It's not hard to give operational semantics to this language,
I leave it as an exercise.

------------------------------------------------------------

There is another point of view for the control stack, we can
treat it as function compositions, that is:

  F::S = F o S

the key advantage of this view is that now the operational
sematics rules become tail-recursions with functions as the
second argument. For instance, the evaluation rules for
addition now look like

--------------------------------------------------
  (S, e1+e2) -> ((\lambda x.x+e2) o S, e1)

--------------------------------------------------
  (S, v1+e2) -> ((\lambda x.v1+x) o S, e2)

--------------------------------------------------
  (S, v1+v2) -> (S, v)                              (where v=v1+v2)

plus the normal stack application rule:

--------------------------------------------------
  (S, v) -> (., S(v))

the function argument S is called a continuation.

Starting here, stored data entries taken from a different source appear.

(* Let $m=2^l$ with $l>0$. If $\mathbf{u}\in K(\mathbb{Z}_m^3)$, then $D^2(\mathbf{u})=H(\mathbf{u})$.
   Context: The Ducci function $D:\mathbb{Z}_m^3\to\mathbb{Z}_m^3$ is $D(x_1,x_2,x_3)=(x_1+x_2,\,x_2+x_3,\,x_3+x_1)$, entries mod $m$. $H:\mathbb{Z}_m^3\to\mathbb{Z}_m^3$ is the shift $H(x_1,x_2,x_3)=(x_2,x_3,x_1)$. $K(\mathbb{Z}_m^3)$ is the set of $\mathbf{u}$ lying in the Ducci cycle of some tuple, i.e. with $D^k(\mathbf{u})=\mathbf{u}$ for some $k\ge1$. *)

theory Defs
  imports Main
begin

type_synonym triple = "int \<times> int \<times> int"

definition Zm3 :: "int \<Rightarrow> triple set" where
  "Zm3 m = {(a, b, c). 0 \<le> a \<and> a < m \<and> 0 \<le> b \<and> b < m \<and> 0 \<le> c \<and> c < m}"

definition ducci :: "int \<Rightarrow> triple \<Rightarrow> triple" where
  "ducci m u = (case u of (x1, x2, x3) \<Rightarrow>
      ((x1 + x2) mod m, (x2 + x3) mod m, (x3 + x1) mod m))"

definition shiftH :: "triple \<Rightarrow> triple" where
  "shiftH u = (case u of (x1, x2, x3) \<Rightarrow> (x2, x3, x1))"

definition ducciK :: "int \<Rightarrow> triple set" where
  "ducciK m = {u \<in> Zm3 m. \<exists>k\<ge>1. (ducci m ^^ k) u = u}"

end

theory Submission
  imports Defs
begin

text \<open>The entry sum s of a tuple satisfies s(D u) = 2 s(u) mod m. For a periodic u with
  D^k u = u this gives s(u) = 2^(k l) s(u) = 0 mod 2^l. Once the entries sum to 0 mod m,
  the first entry of D^2 (a, b, c) is a + 2 b + c = b mod m, and likewise for the others.\<close>

definition triple_sum :: "triple \<Rightarrow> int" where
  "triple_sum u = (case u of (a, b, c) \<Rightarrow> a + b + c)"

lemma triple_sum_ducci_mod: "triple_sum (ducci m u) mod m = (2 * triple_sum u) mod m"
proof -
  obtain a b c where u: "u = (a, b, c)"
    by (cases u) auto
  have "triple_sum (ducci m u) mod m = ((a + b) mod m + (b + c) mod m + (c + a) mod m) mod m"
    by (simp add: u ducci_def triple_sum_def)
  also have "\<dots> = ((a + b) + (b + c) + (c + a)) mod m"
    by (metis mod_add_eq mod_add_left_eq)
  finally show ?thesis
    by (simp add: u triple_sum_def algebra_simps)
qed

lemma triple_sum_ducci_funpow_mod:
  "triple_sum ((ducci m ^^ n) u) mod m = (2 ^ n * triple_sum u) mod m"
proof (induction n)
  case 0
  then show ?case by simp
next
  case (Suc n)
  have "triple_sum ((ducci m ^^ Suc n) u) mod m = (2 * (triple_sum ((ducci m ^^ n) u) mod m)) mod m"
    by (simp add: triple_sum_ducci_mod mod_simps)
  also have "\<dots> = (2 ^ Suc n * triple_sum u) mod m"
    by (simp add: Suc.IH mod_simps mult.assoc)
  finally show ?case .
qed

lemma triple_sum_mod_eq_0_if_periodic:
  fixes m :: int
  assumes "m = 2 ^ l" and "k \<ge> 1" and "(ducci m ^^ k) u = u"
  shows "triple_sum u mod m = 0"
proof -
  have "(ducci m ^^ (k * l)) u = u"
    using funpow_mod_eq[OF assms(3), of "k * l"] by simp
  then have "triple_sum u mod m = (2 ^ (k * l) * triple_sum u) mod m"
    by (metis triple_sum_ducci_funpow_mod)
  moreover have "m dvd 2 ^ (k * l)"
    using assms(1,2) by (simp add: le_imp_power_dvd)
  ultimately show ?thesis
    by simp
qed

lemma ducci_twice_eq_shiftH:
  fixes m :: int
  assumes "u \<in> Zm3 m" and "triple_sum u mod m = 0"
  shows "(ducci m ^^ 2) u = shiftH u"
proof -
  obtain a b c where u: "u = (a, b, c)"
    by (cases u) auto
  have ranges: "0 \<le> a" "a < m" "0 \<le> b" "b < m" "0 \<le> c" "c < m"
    using assms(1) by (auto simp: u Zm3_def)
  have sum: "(a + b + c) mod m = 0"
    using assms(2) by (simp add: u triple_sum_def)
  have "((x + y) mod m + (y + z) mod m) mod m = y"
    if "(x + y + z) mod m = 0" and "0 \<le> y" "y < m" for x y z
  proof -
    have "((x + y) mod m + (y + z) mod m) mod m = ((x + y + z) mod m + y) mod m"
      by (metis mod_add_eq mod_add_left_eq add.assoc add.commute)
    then show ?thesis
      using that by simp
  qed
  moreover have "(b + c + a) mod m = 0" "(c + a + b) mod m = 0"
    using sum by (simp_all add: algebra_simps)
  ultimately show ?thesis
    using sum ranges by (simp add: u ducci_def shiftH_def numeral_2_eq_2)
qed

theorem lemma4p2:
  fixes l :: nat and m :: int and u :: triple
  assumes "l > 0" and "m = 2 ^ l" and "u \<in> ducciK m"
  shows "(ducci m ^^ 2) u = shiftH u"
proof -
  obtain k where "k \<ge> 1" "(ducci m ^^ k) u = u" and "u \<in> Zm3 m"
    using assms(3) unfolding ducciK_def by blast
  then show ?thesis
    using ducci_twice_eq_shiftH triple_sum_mod_eq_0_if_periodic assms(2) by blast
qed

end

Continuations have many nice properties which make it a powerful
programming abstraction, both from theoretial and practical point of
views. But what makes a continuation interesting is that we can
make it a 1-class object by introducing it into the language.
Let's extend our language with continuations:

  v -> n | cont(S)
  e -> v 
     | e+e 
     | callcc (\lambda k.e) 
     | appcc e e

The callcc(\lambda k.e) expression marks the current continuation
with k and passes it to e; and the expression appcc e1 e2 takes
a continuation e1 and calls it with the argument e2. Also note
that we have a new value cons(S), it's worth remarking that
S is a captured control stack and is only shown in the evalution
rules (as we'll see in the next) so we don't bother to define
S in the surface syntax. Also note that in the standard literature
on continuations, the appcc is often called "throw e1 e2",
however, I prefer to use the current syntax in order to
leave the latter syntax to exceptions.

First, let's give the static semantics to continuations. Here
is the type definitions:

  T -> Int | Cont (T)
  
where Cont(T) is the type of some continuation. With this
in mind, we give the typing rules (for continuation-related):

  G |- S: T
------------------------------------
  G |- cont(S): Cont(T)

  G, x: Cont(T) |- e: T
------------------------------------
  G |- callcc (\lambda x.e): T

  G |- e1: Cont(T)     G |- e2: T
------------------------------------
  G |- appcc e1 e2: T

And we can also extend the definition of frames:

  F -> ... | appcc [] e2 | appcc v []

and the operational semantics rules:


------------------------------------------------------(E-Cont)
  (S, callcc (\lambda x.e)) -> (S, [x|->cont(S)]e)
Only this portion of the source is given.